In the photo above are three urban hugelkultur containers that I built this afternoon and planted with greens that will last all winter.  We will deliver these three pots to the Good Samaritans of Garland as a demonstration for the folks who go to the center.  I’m hoping that we will be able to have a class at the Good Samaritan Center one warm day in February and show folks how to make these small gardens.  If all goes according to plan, these containers will need little if any water beyond that provided by nature and no fertilizer.

Four pots such as these could provide a family of four with their weekly requirements for greens—and more if one of them is planted with sweet potatoes.


 Background on Hugelkultur Container

Urban hugelkultur containers may be my invention—but perhaps not so don’t quote me because, as some say, everything under the sun has already been invented.  Regardless, I’m proud to report that I built three urban hugelkultur containers today.

Our mission at Loving Garland Green is to pass on our enthusiasm and inventions for growing edibles to others in the DFW area.  To that end we realize that urban residents are busy and don’t have a lot of time.  We also realize that a lot of people in our community live in town homes and apartments and have limited room. 

The hugelkultur is a gardening method developed in Germany hundreds of years ago.  These beds are created by piling rotten logs on top of the ground and then layering with various kinds of organic matter:  brown leaves, green leaves, manure and garden soil.  The rotten logs hold water and also release nutrients as they decay.  This is a no-till method of gardening that imitates what happens in nature on the forest floor.  Many claim that hugelkultur beds are self-sustaining for up to twenty years and require no fertilizer and no additional water except in cases of extreme drought.

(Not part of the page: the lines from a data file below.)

lemma prob_Cplus_ge_one_minus_prob_pairwise_wins:
  assumes prob: "prob_space \<pi>"
    and shat_pos: "AE \<omega> in PiM (Jset N) (\<lambda>_. \<pi>). \<forall>i\<in>{1..<N + 1}. 0 < shat N \<mu> \<Phi> \<omega> (N + 1) i"
    and k: "1 \<le> nat \<lceil>(1 - \<alpha>) * real (N + 1)\<rceil>"
  shows "1 - measure (PiM (Jset N) (\<lambda>_. \<pi>)) {\<omega>\<in>space (PiM (Jset N) (\<lambda>_. \<pi>)).
      nat \<lceil>(1 - \<alpha>) * real (N + 1)\<rceil> \<le> pairwise_wins N \<mu> \<Phi> \<omega> (N + 1)}
    \<le> measure (PiM (Jset N) (\<lambda>_. \<pi>))
      {\<omega>\<in>space (PiM (Jset N) (\<lambda>_. \<pi>)). snd (\<omega> (N + 1)) \<in> Cplus N \<alpha> \<mu> \<Phi> \<omega>}"
proof -
  define P where "P = PiM (Jset N) (\<lambda>_. \<pi>)"
  define k where "k = nat \<lceil>(1 - \<alpha>) * real (N + 1)\<rceil>"
  define B where "B = {\<omega>\<in>space P. k \<le> card {i\<in>{1..<N + 1}.
    shat N \<mu> \<Phi> \<omega> (N + 1) i * splus N \<mu> \<Phi> \<omega> i (N + 1) < score \<mu> \<omega> (N + 1)}}"
  define W where "W = {\<omega>\<in>space P. k \<le> pairwise_wins N \<mu> \<Phi> \<omega> (N + 1)}"
  interpret P: prob_space P unfolding P_def using prob by (rule prob_space_PiM)
  have E_eq: "{\<omega>\<in>space P. snd (\<omega> (N + 1)) \<in> Cplus N \<alpha> \<mu> \<Phi> \<omega>} = space P - B"
  proof (intro set_eqI)
    fix \<omega>
    show "\<omega> \<in> {\<omega>\<in>space P. snd (\<omega> (N + 1)) \<in> Cplus N \<alpha> \<mu> \<Phi> \<omega>} \<longleftrightarrow> \<omega> \<in> space P - B"
      using mem_Cplus_iff_card_less[OF k, of \<omega> \<mu> \<Phi>, folded k_def] by (auto simp: B_def)
  qed
  have B_events: "B \<in> P.events"
    unfolding B_def P_def by (rule sets_calibration_count_ge)
  have "AE \<omega> in P. \<omega> \<in> B \<longrightarrow> \<omega> \<in> W"
    using shat_pos unfolding P_def[symmetric] by (rule eventually_mono)
      (use calibration_count_le_pairwise_wins in \<open>fastforce simp: B_def W_def\<close>)
  then have "P.prob B \<le> P.prob W"
    by (rule P.finite_measure_mono_AE)
      (unfold W_def P_def, rule sets_pairwise_wins_ge, simp add: Jset_def)
  then show ?thesis
    unfolding P_def[symmetric] k_def[symmetric] W_def[symmetric] E_eq P.prob_compl[OF B_events] by simp
qed

end

theorem proposition3:
  fixes MX :: "'x measure" and \<pi> :: "('x \<times> real) measure"
    and \<mu> :: "'x \<Rightarrow> real"
    and \<Phi> :: "('x \<times> real) multiset \<Rightarrow> 'x \<Rightarrow> 'x \<Rightarrow> real"
    and N :: nat and \<alpha> :: real
  assumes prob: "prob_space \<pi>"
    and sets_\<pi>: "sets \<pi> = sets (MX \<Otimes>\<^sub>M borel)"
    and \<mu>_meas: "\<mu> \<in> borel_measurable MX"
    and \<Phi>_nonneg: "\<And>m x x'. \<Phi> m x x' \<ge> 0"
    and \<Phi>_meas: "(\<lambda>(z, x, x'). \<Phi> (image_mset z (mset_set {..<N - 1})) x x')
                   \<in> borel_measurable (PiM {..<N - 1} (\<lambda>_. \<pi>) \<Otimes>\<^sub>M MX \<Otimes>\<^sub>M MX)"
    and pos: "AE \<omega> in PiM (Jset N) (\<lambda>_. \<pi>).
               \<forall>i\<in>Jset N. \<forall>j\<in>Jset N. i \<noteq> j \<longrightarrow>
                 (\<Sum>l\<in>Jset N - {i, j}. Kij N \<Phi> \<omega> i j (fst (\<omega> i)) (fst (\<omega> l))) > 0
                 \<and> shat N \<mu> \<Phi> \<omega> i j > 0"
    and \<alpha>: "0 \<le> \<alpha>" "\<alpha> \<le> 1"
  shows "measure (PiM (Jset N) (\<lambda>_. \<pi>))
           {\<omega> \<in> space (PiM (Jset N) (\<lambda>_. \<pi>)). snd (\<omega> (N + 1)) \<in> Cplus N \<alpha> \<mu> \<Phi> \<omega>}
         \<ge> 1 - 2 * \<alpha>"
proof (cases "\<alpha> < 1 / 2")
  case False
  then show ?thesis by (intro order_trans[OF _ measure_nonneg]) simp
next
  case True
  define k where "k = nat \<lceil>(1 - \<alpha>) * real (N + 1)\<rceil>"
  have k: "(1 - \<alpha>) * real (N + 1) \<le> real k" unfolding k_def by (rule real_nat_ceiling_ge)
  moreover have "0 < (1 - \<alpha>) * real (N + 1)" using True by simp
  ultimately have "1 \<le> k" by simp
  have "AE \<omega> in PiM (Jset N) (\<lambda>_. \<pi>). \<forall>i\<in>{1..<N + 1}. 0 < shat N \<mu> \<Phi> \<omega> (N + 1) i"
    using pos by (rule eventually_mono) (auto simp: Jset_def)
  from prob_Cplus_ge_one_minus_prob_pairwise_wins[OF sets_\<pi> \<mu>_meas \<Phi>_meas prob this \<open>1 \<le> k\<close>[unfolded k_def]]
    and prob_pairwise_wins_test_point_le[OF sets_\<pi> \<mu>_meas \<Phi>_meas prob \<alpha>(1) k]
  show ?thesis by (simp add: k_def)
qed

1.  Get a large pot. [We got ours for free as they were donated to the Community Garden.  But if you cruise the neighborhood you might find some curbside.  Two of the pots I used are 18 inches in diameter and 18 inches tall.  The smaller pot I used in 12 inches in diameter and 13 inches tall.]

2.  Put rotten wood in the bottom of the pot.  I put between one-fourth to one third of the total depth--about five inches.  [Walk through the woods and you’ll find plenty of rotten logs.]

3.  Soak the wood with water.

4.  Add a layer of brown organic matter. [I heaped in some dead leaves.]


5.  Add a layer of green organic matter.  {I heaped in some sweet potato vines from a recent harvest.]


6.  Add some manure.  {I put in some alpaca pooh.]


7.  Cover with another layer of dead leaves and water all thoroughly.


8.  Add garden soil that has been amended as needed.  {I added molasses granules and perlite to the soil I used.  It was already rich as I took it from a healthy bed that had previously been amended with Azomite.  For potted plants the soil should always be loose and light so it will drain well. ]

9.  Install your transplants.  [For veggies in pots, I recommend beginning with healthy transplants as opposed to beginning with seeds.  Instant gratification is always so much more fun.]

10.  Complete the build with mulch.  (I used straw.)




More Praise for Container Gardening

Just so happens, today was the day that Jane and Bob Stroud decided it was time to harvest their sweet potatoes down at the Garland Community Garden. 


This growing space of about four feet by six feet (two plastic bins) yielded twenty sweet potatoes.  However there was a lot more nutrition produced by those two bins than the twenty sweet potatoes.  The trellis behind the boxes was filled with sweet potatoes vines.  The leaves from these vines from just one bin would be sufficient to supply a family of four with greens from June until the middle of November. Sweet potato leaves a highly nutritious but remember:  don’t eat the leaves from the white potato, as it is a member of the nightshade family.  The sweet potato is not.



My Lemon tree has faithfully produced between 25 and 32 lemons every year since 2004.



I’m looking forward to harvesting horseradish from this pot shortly after the first killing frost.